— Assignment —
Output all records below verbatim.

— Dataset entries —
---*---

lemma nondec_path_Nil [simp]: "nondec_path V adj d []"
  by (simp add: nondec_path_def)

lemma nondec_path_Cons:
  "nondec_path V adj d (x # p) \<longleftrightarrow>
     x \<in> set V \<and> x \<notin> set p \<and> (p = [] \<or> adj x (hd p) \<and> d x \<le> d (hd p)) \<and> nondec_path V adj d p"
  by (cases p) (auto simp: nondec_path_def)

lemma nondec_path_appendD:
  assumes "nondec_path V adj d (p @ q)"
  shows "nondec_path V adj d p" "nondec_path V adj d q"
  using assms by (auto simp: nondec_path_def successively_append_iff sorted_append)

lemma nondec_path_map:
  assumes "nondec_path V adj d p" and "inj_on f (set p)" and "f ` set p \<subseteq> set W"
    and "\<And>x y. x \<in> set p \<Longrightarrow> y \<in> set p \<Longrightarrow> adj x y \<Longrightarrow> adj' (f x) (f y)"
    and "\<And>x. x \<in> set p \<Longrightarrow> d' (f x) = d x"
  shows "nondec_path W adj' d' (map f p)"
proof -
  have degs: "map (d' \<circ> f) p = map d p" using assms(5) by simp
  show ?thesis
    using assms(1-4) unfolding nondec_path_def map_map degs
    by (auto simp: distinct_map successively_map elim: successively_mono)
qed
(* Let $0 \leq r < 1$. Define $\delta_k \in \{0,1\}$ for $k \geq 1$ inductively by $\delta_k = 1$ if $\frac{\sum_{i=1}^{k-1} 2i\delta_i + 2k}{k(k+1)} \leq r$, and $\delta_k = 0$ otherwise. For $k \geq 1$ let $w^{\langle k \rangle}$ be the word consisting of $2k$ copies of the letter $1 - \delta_k$, and let $w = w^{\langle 1 \rangle} w^{\langle 2 \rangle} w^{\langle 3 \rangle} \cdots$ (infinite concatenation). Then $\lim_{n \to \infty} |P(w^{(n)})|/n = r$.
   Context: $w^{(n)}$ denotes the initial subword of length $n$ of $w$. For a binary word $u = u_1 \cdots u_\ell$ of length $\ell$, $P(u)$ is the set of indices $i \geq 2$ such that at least one of the following holds: (i) $\ell \geq i$ and $u_{i-1} u_i = 00$; (ii) $\ell \geq i+2$ and $u_{i-1} u_i u_{i+1} u_{i+2} = 0100$; (iii) $\ell \geq i+3$ and $u_{i-1} \cdots u_{i+3} = 01010$. *)

theory Defs
  imports Complex_Main
begin

text \<open>The sequence delta_k (k >= 1), defined by strong recursion; delta r 0 is a dummy 0.\<close>
function delta :: "real \<Rightarrow> nat \<Rightarrow> nat" where
  "delta r k = (if k = 0 then 0
     else if (real (\<Sum>i\<in>{1..<k}. 2 * i * delta r i) + 2 * real k) / (real k * real (k + 1)) \<le> r
          then 1 else 0)"
  by auto
termination by (relation "measure snd") auto

definition wblock :: "real \<Rightarrow> nat \<Rightarrow> nat list" where
  "wblock r k = replicate (2 * k) (1 - delta r k)"

text \<open>Prefix of length n of the infinite word w = w<1> w<2> w<3> ...;
  the first n blocks already have total length n(n+1) >= n.\<close>
definition wpref :: "real \<Rightarrow> nat \<Rightarrow> nat list" where
  "wpref r n = take n (concat (map (wblock r) [1..<Suc n]))"

text \<open>P(u), with 1-based letters u_i = u ! (i - 1).\<close>
definition Pset :: "nat list \<Rightarrow> nat set" where
  "Pset u = {i. 2 \<le> i \<and>
     ((i \<le> length u \<and> u ! (i - 2) = 0 \<and> u ! (i - 1) = 0)
    \<or> (i + 2 \<le> length u \<and> u ! (i - 2) = 0 \<and> u ! (i - 1) = 1 \<and> u ! i = 0 \<and> u ! (i + 1) = 0)
    \<or> (i + 3 \<le> length u \<and> u ! (i - 2) = 0 \<and> u ! (i - 1) = 1 \<and> u ! i = 0
        \<and> u ! (i + 1) = 1 \<and> u ! (i + 2) = 0))}"

end

theory Submission imports Defs "HOL-Real_Asymp.Real_Asymp" begin

text \<open>Each index of \<open>P(u)\<close> is preceded by a zero of \<open>u\<close>, and each zero that is followed by
  another zero yields an index of type (i) in \<open>P(u)\<close>; every other zero is the last letter or sits
  at a change of letter. In \<open>w\<close> letters change only between blocks, and the first \<open>n\<close> letters
  meet only \<open>O(\<surd>n)\<close> blocks, so \<open>|P(w\<^sup>(\<^sup>n\<^sup>))|\<close> is the number of zeros among them up to \<open>O(\<surd>n)\<close>.
  The rule for \<open>\<delta>\<^sub>k\<close> appends a block of zeros exactly when the density of zeros in the first
  \<open>k(k+1)\<close> letters stays at most \<open>r\<close>; as a block has length \<open>2k\<close>, this keeps the number of
  zeros within \<open>2k\<close> of \<open>r k(k+1)\<close>, hence within \<open>O(\<surd>n)\<close> of \<open>r n\<close>.\<close>

declare delta.simps [simp del]

lemma delta_le_1: "delta r k \<le> 1"
  by (subst delta.simps) auto

lemma count_list_replicate: "count_list (replicate n a) x = (if a = x then n else 0)"
  by (induction n) auto

lemma count_list_take_mono: "i \<le> j \<Longrightarrow> count_list (take i xs) x \<le> count_list (take j xs) x"
  by (metis count_list_append le_add1 le_add_diff_inverse take_add)

lemma count_list_conv_card: "count_list xs x = card {i. i < length xs \<and> xs ! i = x}"
  by (simp add: count_list_eq_length_filter length_filter_conv_card eq_commute[of x])

definition wblocks :: "real \<Rightarrow> nat \<Rightarrow> nat list" where
  "wblocks r m = concat (map (wblock r) [1..<Suc m])"

lemma wblocks_0 [simp]: "wblocks r 0 = []"
  by (simp add: wblocks_def)

lemma wblocks_Suc: "wblocks r (Suc m) = wblocks r m @ wblock r (Suc m)"
  by (simp add: wblocks_def)

lemma length_wblocks [simp]: "length (wblocks r m) = m * (m + 1)"
  by (induction m) (auto simp: wblocks_Suc wblock_def)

---*---

— Solution to this task —
lemma nondec_path_Nil [simp]: "nondec_path V adj d []"
  by (simp add: nondec_path_def)

lemma nondec_path_Cons:
  "nondec_path V adj d (x # p) \<longleftrightarrow>
     x \<in> set V \<and> x \<notin> set p \<and> (p = [] \<or> adj x (hd p) \<and> d x \<le> d (hd p)) \<and> nondec_path V adj d p"
  by (cases p) (auto simp: nondec_path_def)

lemma nondec_path_appendD:
  assumes "nondec_path V adj d (p @ q)"
  shows "nondec_path V adj d p" "nondec_path V adj d q"
  using assms by (auto simp: nondec_path_def successively_append_iff sorted_append)

lemma nondec_path_map:
  assumes "nondec_path V adj d p" and "inj_on f (set p)" and "f ` set p \<subseteq> set W"
    and "\<And>x y. x \<in> set p \<Longrightarrow> y \<in> set p \<Longrightarrow> adj x y \<Longrightarrow> adj' (f x) (f y)"
    and "\<And>x. x \<in> set p \<Longrightarrow> d' (f x) = d x"
  shows "nondec_path W adj' d' (map f p)"
proof -
  have degs: "map (d' \<circ> f) p = map d p" using assms(5) by simp
  show ?thesis
    using assms(1-4) unfolding nondec_path_def map_map degs
    by (auto simp: distinct_map successively_map elim: successively_mono)
qed
(* Let $0 \leq r < 1$. Define $\delta_k \in \{0,1\}$ for $k \geq 1$ inductively by $\delta_k = 1$ if $\frac{\sum_{i=1}^{k-1} 2i\delta_i + 2k}{k(k+1)} \leq r$, and $\delta_k = 0$ otherwise. For $k \geq 1$ let $w^{\langle k \rangle}$ be the word consisting of $2k$ copies of the letter $1 - \delta_k$, and let $w = w^{\langle 1 \rangle} w^{\langle 2 \rangle} w^{\langle 3 \rangle} \cdots$ (infinite concatenation). Then $\lim_{n \to \infty} |P(w^{(n)})|/n = r$.
   Context: $w^{(n)}$ denotes the initial subword of length $n$ of $w$. For a binary word $u = u_1 \cdots u_\ell$ of length $\ell$, $P(u)$ is the set of indices $i \geq 2$ such that at least one of the following holds: (i) $\ell \geq i$ and $u_{i-1} u_i = 00$; (ii) $\ell \geq i+2$ and $u_{i-1} u_i u_{i+1} u_{i+2} = 0100$; (iii) $\ell \geq i+3$ and $u_{i-1} \cdots u_{i+3} = 01010$. *)

theory Defs
  imports Complex_Main
begin

text \<open>The sequence delta_k (k >= 1), defined by strong recursion; delta r 0 is a dummy 0.\<close>
function delta :: "real \<Rightarrow> nat \<Rightarrow> nat" where
  "delta r k = (if k = 0 then 0
     else if (real (\<Sum>i\<in>{1..<k}. 2 * i * delta r i) + 2 * real k) / (real k * real (k + 1)) \<le> r
          then 1 else 0)"
  by auto
termination by (relation "measure snd") auto

definition wblock :: "real \<Rightarrow> nat \<Rightarrow> nat list" where
  "wblock r k = replicate (2 * k) (1 - delta r k)"

text \<open>Prefix of length n of the infinite word w = w<1> w<2> w<3> ...;
  the first n blocks already have total length n(n+1) >= n.\<close>
definition wpref :: "real \<Rightarrow> nat \<Rightarrow> nat list" where
  "wpref r n = take n (concat (map (wblock r) [1..<Suc n]))"

text \<open>P(u), with 1-based letters u_i = u ! (i - 1).\<close>
definition Pset :: "nat list \<Rightarrow> nat set" where
  "Pset u = {i. 2 \<le> i \<and>
     ((i \<le> length u \<and> u ! (i - 2) = 0 \<and> u ! (i - 1) = 0)
    \<or> (i + 2 \<le> length u \<and> u ! (i - 2) = 0 \<and> u ! (i - 1) = 1 \<and> u ! i = 0 \<and> u ! (i + 1) = 0)
    \<or> (i + 3 \<le> length u \<and> u ! (i - 2) = 0 \<and> u ! (i - 1) = 1 \<and> u ! i = 0
        \<and> u ! (i + 1) = 1 \<and> u ! (i + 2) = 0))}"

end

theory Submission imports Defs "HOL-Real_Asymp.Real_Asymp" begin

text \<open>Each index of \<open>P(u)\<close> is preceded by a zero of \<open>u\<close>, and each zero that is followed by
  another zero yields an index of type (i) in \<open>P(u)\<close>; every other zero is the last letter or sits
  at a change of letter. In \<open>w\<close> letters change only between blocks, and the first \<open>n\<close> letters
  meet only \<open>O(\<surd>n)\<close> blocks, so \<open>|P(w\<^sup>(\<^sup>n\<^sup>))|\<close> is the number of zeros among them up to \<open>O(\<surd>n)\<close>.
  The rule for \<open>\<delta>\<^sub>k\<close> appends a block of zeros exactly when the density of zeros in the first
  \<open>k(k+1)\<close> letters stays at most \<open>r\<close>; as a block has length \<open>2k\<close>, this keeps the number of
  zeros within \<open>2k\<close> of \<open>r k(k+1)\<close>, hence within \<open>O(\<surd>n)\<close> of \<open>r n\<close>.\<close>

declare delta.simps [simp del]

lemma delta_le_1: "delta r k \<le> 1"
  by (subst delta.simps) auto

lemma count_list_replicate: "count_list (replicate n a) x = (if a = x then n else 0)"
  by (induction n) auto

lemma count_list_take_mono: "i \<le> j \<Longrightarrow> count_list (take i xs) x \<le> count_list (take j xs) x"
  by (metis count_list_append le_add1 le_add_diff_inverse take_add)

lemma count_list_conv_card: "count_list xs x = card {i. i < length xs \<and> xs ! i = x}"
  by (simp add: count_list_eq_length_filter length_filter_conv_card eq_commute[of x])

definition wblocks :: "real \<Rightarrow> nat \<Rightarrow> nat list" where
  "wblocks r m = concat (map (wblock r) [1..<Suc m])"

lemma wblocks_0 [simp]: "wblocks r 0 = []"
  by (simp add: wblocks_def)

lemma wblocks_Suc: "wblocks r (Suc m) = wblocks r m @ wblock r (Suc m)"
  by (simp add: wblocks_def)

lemma length_wblocks [simp]: "length (wblocks r m) = m * (m + 1)"
  by (induction m) (auto simp: wblocks_Suc wblock_def)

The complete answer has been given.